Collected data:
++++++++++

(* Let $\mathcal{W}=\{\mathbb{R}^d;f_1,\dots,f_N;p_1,\dots,p_N\}$ be a weighted IFS with all $p_i>0$, $\sum p_i=1$, such that $s_i\|x-y\|\le\|f_i(x)-f_i(y)\|\le c_i\|x-y\|$ for all $x,y$, with $0<s_i\le c_i<1$, and assume $\mathcal{W}$ satisfies the strong open set condition. Then there is a word $\sigma\in\{1,\dots,N\}^*$ such that for every $m\in\mathbb{N}$ the weighted IFS $\mathcal{L}_m=\{\mathbb{R}^d;g_i;p_i:i\in\{1,\dots,N\}^m\}$ with $g_i=f_i\circ f_\sigma$ satisfies $S_i\|x-y\|\le\|g_i(x)-g_i(y)\|\le C_i\|x-y\|$ with $S_i=s_is_\sigma\in(0,1)$, $C_i=c_ic_\sigma\in(0,1)$, and satisfies the strong separation condition. Moreover, if $\mu_m^*$ is the invariant Borel probability measure of $\mathcal{L}_m$ and $r\in(0,\infty)$, there exists $n_0\in\mathbb{N}$ such that for every $n\ge n_0$ there are $n_i\in\mathbb{N}$ ($i\in\{1,\dots,N\}^m$) with $\sum_in_i\le n$ and $$V_{n,r}(\mu_m^* )\ge\sum_{i\in\{1,\dots,N\}^m}p_iS_i^rV_{n_i,r}(\mu_m^* ).$$
   Context: For a word $\tau=\tau_1\cdots\tau_k$: $f_\tau=f_{\tau_1}\circ\cdots\circ f_{\tau_k}$, $p_\tau=p_{\tau_1}\cdots p_{\tau_k}$, $s_\tau=s_{\tau_1}\cdots s_{\tau_k}$, $c_\tau=c_{\tau_1}\cdots c_{\tau_k}$. The attractor $A$ of an IFS $\{\theta_k\}$ is the unique nonempty compact set with $A=\bigcup_k\theta_k(A)$. SOSC for $\mathcal{W}$: a nonempty open $U$ with $f_i(U)\subset U$, $f_i(U)\cap f_j(U)=\emptyset$ for $i\ne j$, and $U\cap A_\mathcal{W}\ne\emptyset$. SSC for $\mathcal{L}_m$: $g_i(A)\cap g_j(A)=\emptyset$ for $i\ne j$, where $A$ is the attractor of $\mathcal{L}_m$. Invariant measure of a weighted IFS $\{\theta_k;w_k\}$: unique Borel probability $\nu$ with $\nu=\sum_kw_k\nu\circ\theta_k^{-1}$. $V_{n,r}(\nu)=\inf\{\int\min_{a\in A}\|x-a\|^rd\nu(x):\operatorname{card}(A)\le n\}$. *)

theory Defs
  imports "HOL-Probability.Probability"
begin

definition comp_word :: "('i \<Rightarrow> 'a \<Rightarrow> 'a) \<Rightarrow> 'i list \<Rightarrow> 'a \<Rightarrow> 'a" where
  "comp_word f \<tau> = foldr (\<lambda>i g. f i \<circ> g) \<tau> id"

definition prod_word :: "('i \<Rightarrow> real) \<Rightarrow> 'i list \<Rightarrow> real" where
  "prod_word p \<tau> = prod_list (map p \<tau>)"

definition words :: "nat \<Rightarrow> nat \<Rightarrow> nat list set" where
  "words N m = {\<tau>. length \<tau> = m \<and> set \<tau> \<subseteq> {1..N}}"

definition attractor :: "'i set \<Rightarrow> ('i \<Rightarrow> 'a::metric_space \<Rightarrow> 'a) \<Rightarrow> 'a set" where
  "attractor I \<theta> = (THE A. compact A \<and> A \<noteq> {} \<and> A = (\<Union>k\<in>I. \<theta> k ` A))"

definition SOSC :: "'i set \<Rightarrow> ('i \<Rightarrow> 'a::metric_space \<Rightarrow> 'a) \<Rightarrow> bool" where
  "SOSC I f \<longleftrightarrow> (\<exists>U. open U \<and> U \<noteq> {} \<and> (\<forall>i\<in>I. f i ` U \<subseteq> U) \<and>
      (\<forall>i\<in>I. \<forall>j\<in>I. i \<noteq> j \<longrightarrow> f i ` U \<inter> f j ` U = {}) \<and> U \<inter> attractor I f \<noteq> {})"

++++++++++

### What is expected
Select and copy each line from the data that includes the word "forall".

### Response area
  "SOSC I f \<longleftrightarrow> (\<exists>U. open U \<and> U \<noteq> {} \<and> (\<forall>i\<in>I. f i ` U \<subseteq> U) \<and>
      (\<forall>i\<in>I. \<forall>j\<in>I. i \<noteq> j \<longrightarrow> f i ` U \<inter> f j ` U = {}) \<and> U \<inter> attractor I f \<noteq> {})"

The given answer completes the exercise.